The Westpac Banking Corp (ASX: WBC) share price is having a poor session on Tuesday.
In afternoon trade, the banking giant's shares are down 2% to $21.48.
Should you buy the Westpac share price dip?
The broker community is largely undecided on whether investors should be buying Westpac shares following the release of its full-year results.
For example, in response to the release, analysts at Citi, Goldman Sachs, Macquarie, and Morgan Stanley have all retained the equivalent of hold ratings on its shares with price targets ranging from $20.50 to $23.60.
And over at Morgans, its analysts have downgraded the bank's shares to a hold rating with a trimmed price target of $21.58.
What is being said?
Goldman Sachs (neutral, $22.70) revealed that there are things to like about Westpac and sees value emerging in its share price.

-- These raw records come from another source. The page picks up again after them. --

(* Let $\alpha$ be a strong composition of $r$ with $\ell(\alpha)\le n$. The map $\mathrm{wt}:\mathrm{QRT}(n,\alpha)\to\Lambda(n,r)_{\preceq\alpha^{\bullet}}$, $T\mapsto\mathrm{wt}(T)$, is a bijection.
   Context: A strong composition of $r$ is a sequence $\alpha=(\alpha_1,\dots,\alpha_k)$ of positive integers summing to $r$, with length $\ell(\alpha)=k$. For $\ell(\alpha)\le n$, $\alpha^\bullet\in\Lambda(n,r)$ is obtained by appending $n-k$ zeros. $\Lambda(n,r)$ is the set of weak compositions of $r$ with $n$ nonnegative parts. For $\mu,\lambda\in\Lambda(n,r)$, $\mu\preceq\lambda$ ($\mu$ refines $\lambda$) means $\mu$ is obtained by subdividing the parts of $\lambda$ in order. Precisely, if $\lambda=(\lambda_1,\dots,\lambda_t,0,\dots,0)$ with $\lambda_i>0$ for $i\le t$, there are indices $1=i_1<\dots<i_{t+1}=n+1$ with $\lambda_k=\mu_{i_k}+\dots+\mu_{i_{k+1}-1}$. $\Lambda(n,r)_{\preceq\lambda}=\{\mu\in\Lambda(n,r):\mu\preceq\lambda\}$. A quasi-ribbon tableau of shape $\alpha$ with entries in $\{1,\dots,n\}$ is a filling of the ribbon diagram of shape $\alpha$ such that entries weakly increase from left to right in each row and strictly increase from top to bottom in each column. The ribbon diagram has rows of lengths $\alpha_1,\dots,\alpha_k$ from top to bottom, where the first cell of each row lies directly below the last cell of the preceding row. $\mathrm{QRT}(n,\alpha)$ is the set of these. For $T\in\mathrm{QRT}(n,\alpha)$, $\mathrm{wt}(T)=(\mathrm{wt}(T)_1,\dots,\mathrm{wt}(T)_n)$, where $\mathrm{wt}(T)_i$ is the number of entries of $T$ equal to $i$. *)

theory Defs
  imports Main
begin

(* Compositions are lists; indices are 0-based (position k of a list is part k+1). *)

definition strong_comp :: "nat \<Rightarrow> nat list \<Rightarrow> bool" where
  "strong_comp r \<alpha> \<longleftrightarrow> (\<forall>a\<in>set \<alpha>. 0 < a) \<and> sum_list \<alpha> = r"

However, there's just a touch too much uncertainty with its technology simplification for a buy rating at this point. It explains:
Trading at book value and a 12-mo forward PER of 12.1x (15 year historic average of 12.6x; ex-dividend adjusted), value is emerging. Furthermore, while the technology simplification announced today has been a long time coming, we believe it does, over time, have the potential to materially improve WBC's relative productivity positioning.
However, investors will have to wait for more details on this strategy, and while management believes it can be funded with A$2 bn p.a. of investment spend, the trajectory of WBC's FY24 Visible Alpha consensus expense forecasts highlights the difficulty of managing costs in the current inflationary environment. We therefore stay Neutral ahead of more detail around the costs and expected benefits of the technology simplification.
The Westpac share price is down 7.5% over the last 12 months.